It was beautiful to watch, he was graceful, delicate, intricate and certainly was no amateur. I spent the next hour watching him as he worked so beautifully. This man had me so captivated in everything that he did and it was so beautifully terrifying.

Eventually I saw him waltz towards me, I was enthralled by his beauty but I really hoped my face didn't spell that out to him.

I wasn't ready for him to know what lies behind my eyes when I looked at him but I knew I couldn't help it. He was just so celestrial. Otherworldly.

He put his hand out to me, I smiled as I slipped mine into his and he escorted me to the dining area. Chivarly was definitely not dead with him as he pulled out my chair and pushed it back in. He poured me some wine and clinked our glasses together, never once unlocking his eyes from mine.

We sat and ate in a comfortable silence, stealing glances every so often. I put my spare hand on the table as I dipped into my lobster bisque, moaning from the divine taste enticing my senses.

I soon felt his hand take hold of mine. I wanted to pull away feeling that fear begin to creep in as I remembered the last dinner I had with Chase. As if Tobias could feel my anxiety pulse, he didn't let me pull away but instead he drew soothing circles on my hand and I felt all of the thoughts of Chase melt away.

I couldn't help but smile at him, my smile reaching my eyes almost tearing up at how tranquil I felt being around him. "Tobias, thank you."

His eyes lit up as he smiled back at me before leaning back into his chair and tilting his head at me. "And what are you thanking me for Monroe? Because I think it should be me thanking you for giving this a chance. You're risking a lot being with me and I -"

I shook my head at him, I couldn't even focus as I watched his lips move but I knew what he would say. "Tobias, thank you for fighting so hard for this. Thank you for showing me that there might be better out there -" I looked down "I was always scared of change, of different and now I see that some changes are good. Thank you for showing me you."

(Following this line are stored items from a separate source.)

lemma norm_pair_replicate_None_iff:
  "norm_pair s p n xi m (replicate m None) d \<longleftrightarrow> m \<ge> 1 \<and> int p dvd d - 1 \<and>
    (\<exists>\<alpha> \<beta>. \<alpha> \<noteq> 0 \<and> \<beta> \<noteq> 0 \<and> s \<alpha> = \<alpha> powi d * \<beta> ^ p ^ m \<and>
      xi = normj s p n \<alpha> powi ((d - 1) div int p) * normj s p n \<beta> ^ p ^ (m - 1))"
  (is "_ \<longleftrightarrow> ?rhs")
proof
  assume "norm_pair s p n xi m (replicate m None) d"
  then obtain \<alpha> \<delta> where m: "m \<ge> 1" and "int p dvd d - 1"
    and "\<alpha> \<noteq> 0" "\<forall>i\<le>m. \<delta> i \<noteq> 0" and "\<forall>i<m. \<delta> i = 1"
    and "s \<alpha> = \<alpha> powi d * (\<Prod>i\<le>m. \<delta> i ^ p ^ i)"
    and "xi = normj s p n \<alpha> powi ((d - 1) div int p) * normj s p (n - 1) (\<delta> 0)
            * (\<Prod>i\<in>{1..m}. normj s p n (\<delta> i) ^ p ^ (i - 1))"
    by (auto simp: norm_pair_def)
  with norm_relation_products_trivial_below[OF m, of \<delta>] show ?rhs
    by (intro conjI exI[of _ \<alpha>] exI[of _ "\<delta> m"]) auto
next
  assume ?rhs
  then obtain \<alpha> \<beta> where m: "m \<ge> 1" and "int p dvd d - 1" "\<alpha> \<noteq> 0" "\<beta> \<noteq> 0"
    and "s \<alpha> = \<alpha> powi d * \<beta> ^ p ^ m"
    and "xi = normj s p n \<alpha> powi ((d - 1) div int p) * normj s p n \<beta> ^ p ^ (m - 1)"
    by blast
  moreover define \<delta> where "\<delta> i = (if i = m then \<beta> else 1)" for i
  ultimately show "norm_pair s p n xi m (replicate m None) d"
    using norm_relation_products_trivial_below[OF m, of \<delta>] unfolding norm_pair_def
    by (intro conjI exI[of _ \<alpha>] exI[of _ \<delta>]) (auto simp: \<delta>_def)
qed

text \<open>With s acting on \<zeta> as \<zeta> \<mapsto> \<zeta>^c, the witnesses are \<alpha> = \<zeta>^a and \<beta> = \<zeta>^(at); both
  norm relations become congruences modulo p^G between exponents of \<zeta>.\<close>
lemma norm_pair_of_eigenvector:
  fixes \<zeta> :: 'k
  assumes p: "prime p" and G: "G \<ge> 1" and \<zeta>: "prim_root p G \<zeta>" "s \<zeta> = \<zeta> powi c" and m: "m \<ge> 1"
    and q1: "d - 1 = int p * q1" and q2: "c - 1 = int p * q2"
    and S: "int p dvd (\<Sum>l<p ^ n. c ^ l)" and t: "int p ^ G dvd c - d - int p ^ m * t"
    and xi: "xi = \<zeta> powi ((\<Sum>l<p ^ n. c ^ l) * q2 * int a)"
  shows "norm_pair s p n xi m (replicate m None) d"
proof -
  define S where "S = (\<Sum>l<p ^ n. c ^ l)"
  note eq_iff = prim_root_powi_eq_iff[OF p G \<zeta>(1)]
  have \<zeta>0: "\<zeta> \<noteq> 0" by (rule prim_root_nonzero[OF p G \<zeta>(1)])
  have norm: "normj s p n (\<zeta> powi e) = \<zeta> powi (e * S)" for e
    unfolding S_def by (rule normj_powi_eigenvector[OF \<zeta>(2) \<zeta>0])
  define \<alpha> \<beta> where "\<alpha> = \<zeta> powi int a" and "\<beta> = \<zeta> powi (int a * t)"
  have "s \<alpha> = \<zeta> powi (c * int a)" by (simp add: \<alpha>_def field_aut_power \<zeta>(2) power_int_power')
  also have "\<dots> = \<zeta> powi (int a * d + int a * t * int p ^ m)"
  proof -
    have "c * int a - (int a * d + int a * t * int p ^ m) = int a * (c - d - int p ^ m * t)"
      by (simp add: algebra_simps)
    thus ?thesis using eq_iff t by simp
  qed
  also have "\<dots> = \<alpha> powi d * \<beta> ^ p ^ m"
    by (simp add: \<alpha>_def \<beta>_def power_int_add[OF disjI1[OF \<zeta>0]] power_int_mult power_int_power')
  finally have rel1: "s \<alpha> = \<alpha> powi d * \<beta> ^ p ^ m" .
  have "xi = \<zeta> powi (int a * S * q1 + int a * t * S * int p ^ (m - 1))"
  proof -
    have "S * q2 * int a - (int a * S * q1 + int a * t * S * int p ^ (m - 1))
        = - int a * (S * (q1 + t * int p ^ (m - 1) - q2))"
      by (simp add: algebra_simps)
    thus ?thesis using xi eq_iff norm_exponent_congruence[OF prime_gt_0_nat[OF p] G m S q1 q2 t]
      by (simp add: S_def)
  qed
  also have "\<dots> = (\<zeta> powi (int a * S)) powi q1 * (\<zeta> powi (int a * t * S)) ^ p ^ (m - 1)"
    by (simp only: power_int_add[OF disjI1[OF \<zeta>0]] power_int_power' of_nat_power
        flip: power_int_mult)
  also have "\<dots> = normj s p n \<alpha> powi ((d - 1) div int p) * normj s p n \<beta> ^ p ^ (m - 1)"
    using prime_gt_0_nat[OF p] by (simp only: \<alpha>_def \<beta>_def norm) (simp add: q1)
  finally have rel2: "xi = normj s p n \<alpha> powi ((d - 1) div int p) * normj s p n \<beta> ^ p ^ (m - 1)" .
  have "\<alpha> \<noteq> 0" "\<beta> \<noteq> 0" "int p dvd d - 1" using \<zeta>0 q1 by (simp_all add: \<alpha>_def \<beta>_def)
  with rel1 rel2 m show ?thesis unfolding norm_pair_replicate_None_iff
    by (intro conjI exI[of _ \<alpha>] exI[of _ \<beta>])
qed

text \<open>The norm relation exhibits \<xi> as the p^u-th power of an element of F.\<close>
lemma fixed_prim_root_of_norm_pair:
  assumes p: "prime p" and period: "s ^^ (p ^ n) = id" and xi: "prim_root p 1 xi"
    and pair: "norm_pair s p n xi m (replicate m None) d"
    and u: "u < m" and dvd: "int p ^ (u + 1) dvd d - 1"
  shows "\<exists>y. s y = y \<and> prim_root p (u + 1) y"
proof -
  obtain \<alpha> \<beta> where
    rel: "xi = normj s p n \<alpha> powi ((d - 1) div int p) * normj s p n \<beta> ^ p ^ (m - 1)"
    using pair by (auto simp: norm_pair_replicate_None_iff)
  obtain e where e: "d - 1 = int p ^ (u + 1) * e" using dvd by blast
  have "(d - 1) div int p = e * int p ^ u" using e p by (simp add: prime_gt_0_nat ac_simps)
  define A B where "A = normj s p n \<alpha>" and "B = normj s p n \<beta>"
  define y where "y = A powi e * B ^ p ^ (m - 1 - u)"
  have "p ^ (m - 1) = p ^ (m - 1 - u) * p ^ u" using u by (simp flip: power_add)
  hence "xi = A powi (e * int (p ^ u)) * B ^ (p ^ (m - 1 - u) * p ^ u)"
    using rel \<open>(d - 1) div int p = e * int p ^ u\<close> by (simp add: A_def B_def)
  also have "\<dots> = y ^ p ^ u"
    by (simp only: y_def power_mult_distrib power_int_mult power_int_of_nat power_mult)
  finally have "xi = y ^ p ^ u" .
  moreover have "y ^ p ^ (u + 1) = (y ^ p ^ u) ^ p" by (simp add: mult.commute flip: power_mult)
  ultimately have "prim_root p (u + 1) y" using xi by (simp add: prim_root_def)
  moreover have "s y = y"
    by (simp add: y_def A_def B_def field_aut_mult field_aut_power field_aut_powi normj_fixed[OF period])
  ultimately show ?thesis by blast
qed

end

section \<open>Cyclotomic extensions\<close>

locale cyclotomic_extension =
  fixes \<sigma> :: "'k::field \<Rightarrow> 'k" and p n k :: nat
  assumes prime: "prime p" and cyclic: "cyclic_gen \<sigma> p n"
    and k: "k \<ge> 1" and mu_k: "contains_mu (UNIV :: 'k set) p k"
    and generated: "\<And>S. subfield_set S \<Longrightarrow> baseF \<sigma> \<subseteq> S \<Longrightarrow> {z. z ^ p ^ k = 1} \<subseteq> S \<Longrightarrow> S = UNIV"
    and mu_p: "contains_mu (baseF \<sigma>) p 1"
    and mu_4: "p = 2 \<Longrightarrow> contains_mu (baseF \<sigma>) p 2"
begin

sublocale field_automorphism \<sigma>
  using cyclic by unfold_locales (simp add: cyclic_gen_def)

lemma order: "\<sigma> ^^ (p ^ n) = id"
  and not_id: "\<sigma> ^^ (p ^ (n - 1)) \<noteq> id"
  using cyclic by (simp_all add: cyclic_gen_def)

lemma n_ge_1: "n \<ge> 1"
  using order not_id by (cases n) auto

text \<open>A primitive p^M-th root of unity with M \<ge> k generates K = F(\<mu>_{p^k}) over F.\<close>
lemma funpow_eq_id_if_fixes_prim_root:
  assumes z: "prim_root p M z" and "k \<le> M" and fixes_z: "(\<sigma> ^^ j) z = z"
  shows "\<sigma> ^^ j = id"
proof -
  interpret t: field_automorphism "\<sigma> ^^ j" by (rule field_automorphism_funpow)
  have "{x. (\<sigma> ^^ j) x = x} = UNIV"
  proof (rule generated)
    show "subfield_set {x. (\<sigma> ^^ j) x = x}" by (rule t.subfield_set_fixed)
    have "(\<sigma> ^^ i) x = x" if "\<sigma> x = x" for i x by (induction i) (simp_all add: that)
    thus "baseF \<sigma> \<subseteq> {x. (\<sigma> ^^ j) x = x}" by (auto simp: baseF_def)
  next
    define w where "w = z ^ p ^ (M - k)"
    have w: "prim_root p k w" using prim_root_pow_prim_root[OF z k \<open>k \<le> M\<close>] by (simp add: w_def)
    have "(\<sigma> ^^ j) w = w" using fixes_z by (simp add: w_def t.field_aut_power)
    show "{y. y ^ p ^ k = 1} \<subseteq> {x. (\<sigma> ^^ j) x = x}"
    proof
      fix y :: 'k assume "y \<in> {y. y ^ p ^ k = 1}"
      then obtain i where "y = w ^ i" using root_of_unity_prim_root_power[OF prime k w] by auto
      thus "y \<in> {x. (\<sigma> ^^ j) x = x}" using \<open>(\<sigma> ^^ j) w = w\<close> by (simp add: t.field_aut_power)
    qed
  qed
  thus ?thesis by (auto simp: fun_eq_iff)
qed

lemma eigen_exponent_cong_1:
  assumes z: "prim_root p M z" "\<sigma> z = z powi c" and "M \<ge> 1"
  shows "int p dvd c - 1" and "p = 2 \<Longrightarrow> M \<ge> 2 \<Longrightarrow> 4 dvd c - 1"
proof -
  obtain \<xi> where "\<sigma> \<xi> = \<xi>" "prim_root p 1 \<xi>"
    using mu_p by (auto simp: contains_mu_iff_prim_root baseF_def)
  thus "int p dvd c - 1" using prim_root_eigen_exponents_cong[OF prime _ \<open>M \<ge> 1\<close> z, of \<xi> 1] by simp
  assume "p = 2" "M \<ge> 2"
  obtain y where "\<sigma> y = y" "prim_root p 2 y"
    using mu_4[OF \<open>p = 2\<close>] by (auto simp: contains_mu_iff_prim_root baseF_def)
  thus "4 dvd c - 1"
    using prim_root_eigen_exponents_cong[OF prime _ \<open>M \<ge> 2\<close> z, of y 1] \<open>p = 2\<close> by simp
qed

text \<open>c is the cyclotomic character of \<sigma>. Since \<sigma>^(p^n) fixes z but \<sigma>^(p^(n-1)) does not,
  lifting the exponent forces M = v_p(c - 1) + n.\<close>
lemma prim_root_exponent:
  assumes z: "prim_root p M z" and "k \<le> M" and two: "p = 2 \<Longrightarrow> M \<ge> 2"
  obtains c where "\<sigma> z = z powi c" "n < M" "int p ^ (M - n) dvd c - 1"
    "int p ^ M dvd c ^ p ^ n - 1" "\<not> int p ^ (M + 1) dvd c ^ p ^ n - 1"
proof -
  have M: "M \<ge> 1" using k \<open>k \<le> M\<close> by simp
  obtain c where c: "\<sigma> z = z powi c" using prim_root_eigenvector[OF prime M z] by blast
  have fixes_iff: "(\<sigma> ^^ j) z = z \<longleftrightarrow> int p ^ M dvd c ^ j - 1" for j
    using funpow_powi_eigenvector[OF c prim_root_nonzero[OF prime M z], of j 1]
      prim_root_powi_eq_iff[OF prime M z, of "c ^ j" 1] by simp
  have not_fixed: "\<not> int p ^ M dvd c ^ p ^ (n - 1) - 1"
    using fixes_iff not_id funpow_eq_id_if_fixes_prim_root[OF z \<open>k \<le> M\<close>] by blast
  hence "c \<noteq> 1" by auto
  define w where "w = multiplicity (int p) (c - 1)"
  note lte = power_dvd_pow_prime_power_sub_1_iff[OF prime \<open>c \<noteq> 1\<close>
      eigen_exponent_cong_1(1)[OF z c M], folded w_def]
  have "p = 2 \<longrightarrow> 4 dvd c - 1" using eigen_exponent_cong_1(2)[OF z c M] two by blast
  note lte = lte[OF this]
  have "M \<le> w + n" using fixes_iff[of "p ^ n"] order lte by simp
  moreover have "\<not> M \<le> w + (n - 1)" using not_fixed lte by simp
  moreover have "w \<ge> 1" using eigen_exponent_cong_1(1)[OF z c M] lte[of 1 0] by simp
  ultimately have "M = w + n" "n < M" using n_ge_1 by auto
  have "int p ^ (M - n) dvd c - 1" using lte[of "M - n" 0] \<open>M = w + n\<close> by simp
  moreover have "int p ^ M dvd c ^ p ^ n - 1" "\<not> int p ^ (M + 1) dvd c ^ p ^ n - 1"
    unfolding lte using \<open>M = w + n\<close> by simp_all
  ultimately show ?thesis using that c \<open>n < M\<close> by blast
qed

lemma contains_mu_bound:
  assumes "contains_mu (UNIV :: 'k set) p M"
  shows "M < max k 2 + n"
proof (rule ccontr)
  assume "\<not> M < max k 2 + n"
  hence M: "k \<le> M" "p = 2 \<Longrightarrow> M \<ge> 2" "k \<le> M - n" by auto
  obtain z :: 'k where z: "prim_root p M z" using assms by (auto simp: contains_mu_iff_prim_root)
  then obtain c where c: "\<sigma> z = z powi c" "n < M" "int p ^ (M - n) dvd c - 1"
    using prim_root_exponent[OF z M(1,2)] by blast
  define y where "y = z ^ p ^ n"
  have y: "prim_root p (M - n) y"
    using prim_root_pow_prim_root[OF z, of "M - n"] c(2) by (simp add: y_def)
  have "\<sigma> y = y powi c" using eigenvector_power[OF c(1)] by (simp add: y_def)
  also have "\<dots> = y powi 1" using prim_root_powi_eq_iff[OF prime _ y, of c 1] c(2,3) by simp
  finally have "(\<sigma> ^^ 1) y = y" by simp
  hence "\<sigma> ^^ 1 = id" using funpow_eq_id_if_fixes_prim_root[OF y M(3)] by blast
  thus False using not_id by (simp add: id_funpow)
qed
text \<open>For \<open>\<alpha> = 0\<close> this differs from the paper's \<open>u\<^sub>0(t) = -ln t\<close> by the affine term \<open>t - 1\<close>, which
  does not change \<open>D\<^sub>A\<close> since \<open>\<Sum>\<^sub>x Q(x) (P(x)/Q(x) - 1) = 0\<close>.\<close>

definition u_alpha :: "real \<Rightarrow> real \<Rightarrow> real" where
  "u_alpha a t = (if a = 0 then t - 1 - ln t else if a = 1 then t * ln t - t + 1
     else (t powr a - 1 - a * (t - 1)) / (a * (a - 1)))"

lemma u_alpha_one [simp]: "u_alpha a 1 = 0"
  by (simp add: u_alpha_def)

definition u_alpha_kernel :: "real \<Rightarrow> real \<Rightarrow> real \<Rightarrow> real" where
  "u_alpha_kernel y a v = y\<^sup>2 * (1 - v) * exp (y * v) * exp_mean (y * (1 - v) * a)"

lemma u_alpha_kernel_eq:
  assumes "a \<noteq> 0"
  shows "u_alpha_kernel y a v = y / a * (exp (y * a + y * (1 - a) * v) - exp (y * v))"
proof (cases "y * (1 - v) * a = 0")
  case True
  then have "y = 0 \<or> v = 1" using assms by auto
  then show ?thesis unfolding u_alpha_kernel_def by (auto simp: algebra_simps)
next
  case False
  have "exp (y * a + y * (1 - a) * v) = exp (y * v) * exp (y * (1 - v) * a)"
    by (simp add: exp_add[symmetric] algebra_simps)
  then show ?thesis using False unfolding u_alpha_kernel_def exp_mean_def
    by (simp add: field_simps power2_eq_square)
qed

lemma u_alpha_kernel_has_integral_generic:
  assumes a: "a \<noteq> 0" "a \<noteq> 1"
  shows "(u_alpha_kernel y a has_integral u_alpha a (exp y)) {0..1}"
proof -
  define F where "F v = exp (y * a + y * (1 - a) * v) / (a * (1 - a)) - exp (y * v) / a" for v
  have "(F has_real_derivative y / a * (exp (y * a + y * (1 - a) * v) - exp (y * v))) (at v)" for v
  proof -
    have "1 - a \<noteq> 0" using a by simp
    then show ?thesis unfolding F_def using a
      by (auto intro!: derivative_eq_intros simp: divide_simps) (simp add: algebra_simps)
  qed
  then have "((\<lambda>v. y / a * (exp (y * a + y * (1 - a) * v) - exp (y * v))) has_integral (F 1 - F 0)) {0..1}"
    by (intro has_integral_of_real_derivative) auto
  moreover have "F 1 - F 0 = u_alpha a (exp y)"
  proof -
    have "1 - a \<noteq> 0" "a - 1 \<noteq> 0" using a by auto
    then show ?thesis using a
      by (simp add: F_def u_alpha_def powr_def divide_simps) (simp add: algebra_simps)
  qed
  moreover have "u_alpha_kernel y a = (\<lambda>v. y / a * (exp (y * a + y * (1 - a) * v) - exp (y * v)))"
    using a by (simp add: u_alpha_kernel_eq fun_eq_iff)
  ultimately show ?thesis by simp
qed

lemma u_alpha_kernel_has_integral: "(u_alpha_kernel y a has_integral u_alpha a (exp y)) {0..1}"
proof -
  consider "a = 0" | "a = 1" | "a \<noteq> 0" "a \<noteq> 1" by blast
  then show ?thesis
  proof cases
    case 1
    define F where "F v = exp (y * v) * (y * (1 - v) + 1)" for v
    have "((\<lambda>v. y\<^sup>2 * (1 - v) * exp (y * v)) has_integral (F 1 - F 0)) {0..1}"
      unfolding F_def
      by (rule has_integral_of_real_derivative)
         (auto intro!: derivative_eq_intros simp: algebra_simps power2_eq_square)
    moreover have "u_alpha_kernel y 0 = (\<lambda>v. y\<^sup>2 * (1 - v) * exp (y * v))"
      by (simp add: u_alpha_kernel_def exp_mean_def fun_eq_iff)
    ultimately show ?thesis using 1 by (simp add: u_alpha_def F_def algebra_simps)
  next
    case 2
    define F where "F v = y * exp y * v - exp (y * v)" for v
    have "((\<lambda>v. y * (exp y - exp (y * v))) has_integral (F 1 - F 0)) {0..1}"
      unfolding F_def
      by (rule has_integral_of_real_derivative) (auto intro!: derivative_eq_intros simp: algebra_simps)
    moreover have "u_alpha_kernel y 1 = (\<lambda>v. y * (exp y - exp (y * v)))"
      by (simp add: u_alpha_kernel_eq fun_eq_iff)
    ultimately show ?thesis using 2 by (simp add: u_alpha_def F_def algebra_simps)
  next
    case 3
    then show ?thesis by (rule u_alpha_kernel_has_integral_generic)
  qed
qed

lemma u_alpha_eq_integral: "t > 0 \<Longrightarrow> u_alpha a t = integral {0..1} (u_alpha_kernel (ln t) a)"
  using u_alpha_kernel_has_integral[of "ln t" a] by (simp add: integral_unique)

lemma integrable_u_alpha_kernel: "u_alpha_kernel y a integrable_on {0..1}"
  using u_alpha_kernel_has_integral by blast

lemma u_alpha_nonneg: "t > 0 \<Longrightarrow> u_alpha a t \<ge> 0"
  unfolding u_alpha_eq_integral
  by (intro integral_nonneg integrable_u_alpha_kernel)
     (auto simp: u_alpha_kernel_def intro!: mult_nonneg_nonneg less_imp_le[OF exp_mean_pos])

lemma convex_on_u_alpha_order: "t > 0 \<Longrightarrow> convex_on UNIV (\<lambda>a. u_alpha a t)"
  unfolding u_alpha_eq_integral u_alpha_kernel_def
  by (intro convex_on_integral integrable_u_alpha_kernel[unfolded u_alpha_kernel_def] convex_on_cmul
        convex_on_scaled[OF convex_on_exp_mean, simplified mult.assoc[symmetric]]) auto

lemma mult_u_alpha_mono:
  assumes t: "t > 0" and ab: "a \<le> b" shows "a * u_alpha a t \<le> b * u_alpha b t"
proof -
  have le: "a * u_alpha_kernel (ln t) a v \<le> b * u_alpha_kernel (ln t) b v" if "v \<in> {0..1}" for v
  proof -
    have "(ln t)\<^sup>2 * (1 - v) * exp (ln t * v) * (a * exp_mean (ln t * (1 - v) * a))
        \<le> (ln t)\<^sup>2 * (1 - v) * exp (ln t * v) * (b * exp_mean (ln t * (1 - v) * b))"
      using that mult_exp_mean_mono[OF ab, of "ln t * (1 - v)"] by (intro mult_left_mono) auto
    then show ?thesis unfolding u_alpha_kernel_def by (simp add: ac_simps)
  qed
  have "integral {0..1} (\<lambda>v. a * u_alpha_kernel (ln t) a v) \<le> integral {0..1} (\<lambda>v. b * u_alpha_kernel (ln t) b v)"
    using le by (intro integral_le integrable_on_mult_right integrable_u_alpha_kernel)
  then show ?thesis using t by (simp add: u_alpha_eq_integral)
qed

definition u_alpha_deriv :: "real \<Rightarrow> real \<Rightarrow> real" where
  "u_alpha_deriv a t = (if a = 1 then ln t else (t powr (a - 1) - 1) / (a - 1))"

lemma u_alpha_tangent:
  assumes t: "t > 0" and t0: "t0 > 0"
  shows "u_alpha a t - u_alpha a t0 - u_alpha_deriv a t0 * (t - t0) = t0 powr a * u_alpha a (t / t0)"
proof -
  consider "a = 0" | "a = 1" | "a \<noteq> 0" "a \<noteq> 1" by blast
  then show ?thesis
  proof cases
    case 1
    then show ?thesis using t t0 unfolding u_alpha_def u_alpha_deriv_def
      by (simp add: ln_div powr_minus_divide field_simps)
  next
    case 2
    then show ?thesis using t t0 unfolding u_alpha_def u_alpha_deriv_def
      by (simp add: ln_div field_simps)
  next
    case 3
    have "a * (a - 1) \<noteq> 0" "a - 1 \<noteq> 0" using 3 by auto
    moreover have "t0 powr (a - 1) = t0 powr a / t0" "(t / t0) powr a = t powr a / t0 powr a"
      using t t0 by (simp_all add: powr_diff powr_divide)
    ultimately show ?thesis using 3 t t0 unfolding u_alpha_def u_alpha_deriv_def
      by (simp add: divide_simps) (simp add: algebra_simps)
  qed
qed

I pushed my chair out before walking around to him, I leant over his lean body and placed a chaste kiss on his lips, once they connected I didn't want to let go.

The kiss depended as I felt his large hands on my waist. He began pulling me into him, I felt an instant ache build between my thighs as his hands lowered, his lips moved to my collar bone reaching my chest and just as I was about to straddle him he stopped.

He pulled away, with his bands still on my hips and placed a final kiss on my taute stomach through my dress. He looked up at me before saying "Let's take this bottle of wine and our glasses down to the living area and watch a few movies, mmm?"

I looked away avoiding his gaze, I felt rejected and the pang of my insecurities was heightening. I wormed out of his grasp, picked up the glasses and wine to ensure he couldn't grab ahold of my hand.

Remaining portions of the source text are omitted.